### Exercise requirements
Establish how many lines of the material below contain the string "length". Return that number by itself.

### Raw data
>>>

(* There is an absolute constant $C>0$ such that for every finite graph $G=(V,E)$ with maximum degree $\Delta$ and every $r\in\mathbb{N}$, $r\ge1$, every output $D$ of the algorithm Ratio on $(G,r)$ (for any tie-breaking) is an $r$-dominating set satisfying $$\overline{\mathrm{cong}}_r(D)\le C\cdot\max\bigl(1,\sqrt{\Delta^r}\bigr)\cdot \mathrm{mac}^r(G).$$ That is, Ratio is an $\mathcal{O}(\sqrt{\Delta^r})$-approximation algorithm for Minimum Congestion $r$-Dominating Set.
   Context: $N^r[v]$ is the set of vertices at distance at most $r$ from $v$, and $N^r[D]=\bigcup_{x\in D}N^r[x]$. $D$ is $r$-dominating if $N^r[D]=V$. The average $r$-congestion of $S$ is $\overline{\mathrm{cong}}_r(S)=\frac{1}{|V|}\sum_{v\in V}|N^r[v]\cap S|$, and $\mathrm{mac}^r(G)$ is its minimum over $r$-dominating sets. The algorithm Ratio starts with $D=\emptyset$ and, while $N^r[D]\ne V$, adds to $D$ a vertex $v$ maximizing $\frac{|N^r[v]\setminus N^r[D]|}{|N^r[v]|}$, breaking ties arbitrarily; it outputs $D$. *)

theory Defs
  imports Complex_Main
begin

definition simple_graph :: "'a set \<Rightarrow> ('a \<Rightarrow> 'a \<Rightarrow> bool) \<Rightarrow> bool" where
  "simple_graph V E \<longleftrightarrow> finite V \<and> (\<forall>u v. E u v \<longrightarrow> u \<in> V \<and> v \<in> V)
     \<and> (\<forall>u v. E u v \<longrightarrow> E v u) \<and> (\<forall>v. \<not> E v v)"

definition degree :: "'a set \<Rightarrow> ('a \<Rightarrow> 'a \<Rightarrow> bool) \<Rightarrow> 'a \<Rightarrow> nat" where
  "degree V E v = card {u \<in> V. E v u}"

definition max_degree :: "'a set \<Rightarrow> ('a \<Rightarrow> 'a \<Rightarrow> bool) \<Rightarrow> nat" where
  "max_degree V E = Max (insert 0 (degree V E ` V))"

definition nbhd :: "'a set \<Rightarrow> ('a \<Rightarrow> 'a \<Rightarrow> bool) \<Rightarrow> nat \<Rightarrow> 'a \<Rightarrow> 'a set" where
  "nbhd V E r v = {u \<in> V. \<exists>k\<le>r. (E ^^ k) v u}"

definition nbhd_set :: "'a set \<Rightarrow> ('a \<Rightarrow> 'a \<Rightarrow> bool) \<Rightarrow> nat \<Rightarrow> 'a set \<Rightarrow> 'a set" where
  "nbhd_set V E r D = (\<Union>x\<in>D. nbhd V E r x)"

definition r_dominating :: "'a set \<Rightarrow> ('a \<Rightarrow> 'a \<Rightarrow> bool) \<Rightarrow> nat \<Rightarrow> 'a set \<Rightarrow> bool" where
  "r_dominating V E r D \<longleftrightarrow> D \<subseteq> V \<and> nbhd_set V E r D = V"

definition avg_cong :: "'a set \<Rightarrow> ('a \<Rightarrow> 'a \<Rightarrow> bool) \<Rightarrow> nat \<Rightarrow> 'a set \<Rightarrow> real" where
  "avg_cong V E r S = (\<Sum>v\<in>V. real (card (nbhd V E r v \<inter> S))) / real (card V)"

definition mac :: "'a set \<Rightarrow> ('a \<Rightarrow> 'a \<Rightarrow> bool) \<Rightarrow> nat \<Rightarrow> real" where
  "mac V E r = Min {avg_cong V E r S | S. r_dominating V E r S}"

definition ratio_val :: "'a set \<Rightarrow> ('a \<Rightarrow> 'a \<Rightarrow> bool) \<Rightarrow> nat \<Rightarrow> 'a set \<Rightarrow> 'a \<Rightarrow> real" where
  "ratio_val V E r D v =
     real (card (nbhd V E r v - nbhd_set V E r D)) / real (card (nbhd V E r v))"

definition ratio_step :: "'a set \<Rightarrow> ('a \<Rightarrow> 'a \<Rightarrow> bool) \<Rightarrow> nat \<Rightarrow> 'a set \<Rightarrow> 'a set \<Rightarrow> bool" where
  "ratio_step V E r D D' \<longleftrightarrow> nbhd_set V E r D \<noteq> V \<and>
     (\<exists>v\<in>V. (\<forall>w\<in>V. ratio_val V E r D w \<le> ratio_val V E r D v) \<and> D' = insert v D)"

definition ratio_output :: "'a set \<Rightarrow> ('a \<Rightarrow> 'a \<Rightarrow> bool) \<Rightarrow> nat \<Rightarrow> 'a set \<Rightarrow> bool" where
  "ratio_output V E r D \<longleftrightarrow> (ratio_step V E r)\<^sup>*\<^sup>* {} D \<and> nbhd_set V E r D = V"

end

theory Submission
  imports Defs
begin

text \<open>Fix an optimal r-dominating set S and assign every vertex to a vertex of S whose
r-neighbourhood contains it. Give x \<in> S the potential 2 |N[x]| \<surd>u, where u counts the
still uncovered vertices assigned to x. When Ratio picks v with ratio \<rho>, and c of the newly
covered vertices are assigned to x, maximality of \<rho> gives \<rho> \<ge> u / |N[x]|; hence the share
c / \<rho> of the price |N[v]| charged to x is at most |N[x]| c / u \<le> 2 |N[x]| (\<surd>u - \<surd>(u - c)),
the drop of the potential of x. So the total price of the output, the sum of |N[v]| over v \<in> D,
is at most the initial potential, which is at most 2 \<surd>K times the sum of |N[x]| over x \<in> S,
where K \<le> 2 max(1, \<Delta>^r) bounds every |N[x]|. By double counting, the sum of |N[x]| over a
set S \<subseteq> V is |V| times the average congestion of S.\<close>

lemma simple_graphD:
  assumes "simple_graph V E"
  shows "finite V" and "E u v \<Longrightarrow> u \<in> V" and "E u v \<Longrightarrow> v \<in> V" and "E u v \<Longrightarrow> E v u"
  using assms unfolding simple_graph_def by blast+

<<<
>>>

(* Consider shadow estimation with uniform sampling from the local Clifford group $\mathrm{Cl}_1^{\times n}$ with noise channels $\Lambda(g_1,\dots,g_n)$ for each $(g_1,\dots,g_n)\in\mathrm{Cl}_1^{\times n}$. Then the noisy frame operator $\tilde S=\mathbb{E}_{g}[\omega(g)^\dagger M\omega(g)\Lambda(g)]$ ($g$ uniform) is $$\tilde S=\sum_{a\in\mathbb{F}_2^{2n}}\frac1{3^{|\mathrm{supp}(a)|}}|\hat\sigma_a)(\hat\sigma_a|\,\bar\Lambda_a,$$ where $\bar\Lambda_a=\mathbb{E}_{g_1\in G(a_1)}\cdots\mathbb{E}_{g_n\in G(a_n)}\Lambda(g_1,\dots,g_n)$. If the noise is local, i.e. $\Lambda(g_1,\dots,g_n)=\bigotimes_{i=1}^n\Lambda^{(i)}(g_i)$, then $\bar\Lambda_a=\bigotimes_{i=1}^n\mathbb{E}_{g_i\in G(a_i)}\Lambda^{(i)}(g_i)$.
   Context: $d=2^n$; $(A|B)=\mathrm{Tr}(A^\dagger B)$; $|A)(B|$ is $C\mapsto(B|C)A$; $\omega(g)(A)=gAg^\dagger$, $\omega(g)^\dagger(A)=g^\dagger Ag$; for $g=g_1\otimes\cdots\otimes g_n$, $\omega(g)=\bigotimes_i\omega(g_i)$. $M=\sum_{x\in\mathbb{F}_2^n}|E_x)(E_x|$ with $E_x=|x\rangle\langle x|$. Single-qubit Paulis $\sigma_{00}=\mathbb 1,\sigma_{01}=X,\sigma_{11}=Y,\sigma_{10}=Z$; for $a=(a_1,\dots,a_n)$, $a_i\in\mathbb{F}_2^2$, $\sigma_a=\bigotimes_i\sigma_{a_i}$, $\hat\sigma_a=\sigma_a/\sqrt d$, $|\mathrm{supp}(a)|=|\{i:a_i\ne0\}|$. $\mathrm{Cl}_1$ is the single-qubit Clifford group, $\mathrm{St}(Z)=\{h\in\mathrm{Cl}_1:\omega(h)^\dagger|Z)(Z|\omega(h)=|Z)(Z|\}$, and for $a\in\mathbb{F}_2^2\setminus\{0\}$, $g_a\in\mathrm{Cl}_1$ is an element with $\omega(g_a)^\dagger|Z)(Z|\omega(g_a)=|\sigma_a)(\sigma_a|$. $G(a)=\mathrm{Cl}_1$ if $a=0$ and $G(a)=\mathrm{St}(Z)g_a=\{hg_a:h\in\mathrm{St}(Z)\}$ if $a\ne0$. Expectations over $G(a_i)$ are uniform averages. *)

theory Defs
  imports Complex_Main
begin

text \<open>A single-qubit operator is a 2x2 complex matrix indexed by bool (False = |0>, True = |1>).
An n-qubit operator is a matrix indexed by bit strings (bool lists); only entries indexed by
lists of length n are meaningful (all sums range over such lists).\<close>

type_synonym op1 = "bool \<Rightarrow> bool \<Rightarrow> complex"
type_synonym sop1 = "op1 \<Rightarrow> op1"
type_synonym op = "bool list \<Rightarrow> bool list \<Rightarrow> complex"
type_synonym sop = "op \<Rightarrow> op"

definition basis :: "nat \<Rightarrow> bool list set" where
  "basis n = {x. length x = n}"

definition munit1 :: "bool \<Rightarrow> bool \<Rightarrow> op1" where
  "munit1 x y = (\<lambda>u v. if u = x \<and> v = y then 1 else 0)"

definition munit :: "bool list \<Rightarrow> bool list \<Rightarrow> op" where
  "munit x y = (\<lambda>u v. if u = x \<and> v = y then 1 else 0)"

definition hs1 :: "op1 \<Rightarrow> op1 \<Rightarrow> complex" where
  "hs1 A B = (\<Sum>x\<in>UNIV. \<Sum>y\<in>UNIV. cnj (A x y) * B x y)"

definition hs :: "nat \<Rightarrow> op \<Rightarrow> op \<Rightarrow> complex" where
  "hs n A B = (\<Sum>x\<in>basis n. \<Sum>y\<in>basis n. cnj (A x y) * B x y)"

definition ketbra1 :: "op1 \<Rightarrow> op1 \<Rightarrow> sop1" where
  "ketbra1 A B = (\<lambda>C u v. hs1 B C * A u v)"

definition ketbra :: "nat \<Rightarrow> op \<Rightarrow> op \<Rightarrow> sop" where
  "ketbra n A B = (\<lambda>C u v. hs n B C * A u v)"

<<<
>>>

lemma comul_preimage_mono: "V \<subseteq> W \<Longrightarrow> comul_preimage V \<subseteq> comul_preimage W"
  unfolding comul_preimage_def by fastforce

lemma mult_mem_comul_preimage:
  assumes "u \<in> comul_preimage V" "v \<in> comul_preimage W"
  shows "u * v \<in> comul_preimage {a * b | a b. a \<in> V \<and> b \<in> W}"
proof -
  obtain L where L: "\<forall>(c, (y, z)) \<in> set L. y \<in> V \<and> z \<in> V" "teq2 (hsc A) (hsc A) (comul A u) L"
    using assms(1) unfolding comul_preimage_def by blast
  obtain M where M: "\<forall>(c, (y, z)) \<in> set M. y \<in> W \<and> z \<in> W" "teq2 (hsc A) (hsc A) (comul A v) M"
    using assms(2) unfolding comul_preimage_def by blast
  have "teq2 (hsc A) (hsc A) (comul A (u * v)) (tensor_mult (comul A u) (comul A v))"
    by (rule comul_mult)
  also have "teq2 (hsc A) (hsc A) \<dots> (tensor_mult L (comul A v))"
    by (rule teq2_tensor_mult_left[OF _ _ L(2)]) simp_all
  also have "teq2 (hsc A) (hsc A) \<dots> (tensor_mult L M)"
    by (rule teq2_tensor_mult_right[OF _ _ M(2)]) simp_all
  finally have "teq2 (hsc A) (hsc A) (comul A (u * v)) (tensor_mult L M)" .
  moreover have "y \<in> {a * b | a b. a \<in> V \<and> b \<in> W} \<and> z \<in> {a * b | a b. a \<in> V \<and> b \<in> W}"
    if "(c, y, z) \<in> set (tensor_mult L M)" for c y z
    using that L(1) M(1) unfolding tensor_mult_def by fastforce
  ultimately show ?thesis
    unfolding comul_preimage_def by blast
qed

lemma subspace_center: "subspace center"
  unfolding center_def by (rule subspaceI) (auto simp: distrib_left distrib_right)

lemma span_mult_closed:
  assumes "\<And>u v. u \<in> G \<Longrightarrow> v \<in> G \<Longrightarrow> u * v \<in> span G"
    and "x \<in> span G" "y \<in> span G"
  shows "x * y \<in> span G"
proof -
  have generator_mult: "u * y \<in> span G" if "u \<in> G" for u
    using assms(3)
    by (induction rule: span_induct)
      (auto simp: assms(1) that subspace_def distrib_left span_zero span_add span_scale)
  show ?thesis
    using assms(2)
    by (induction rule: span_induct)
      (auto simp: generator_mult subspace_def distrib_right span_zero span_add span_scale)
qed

<<<

### Expected answer
2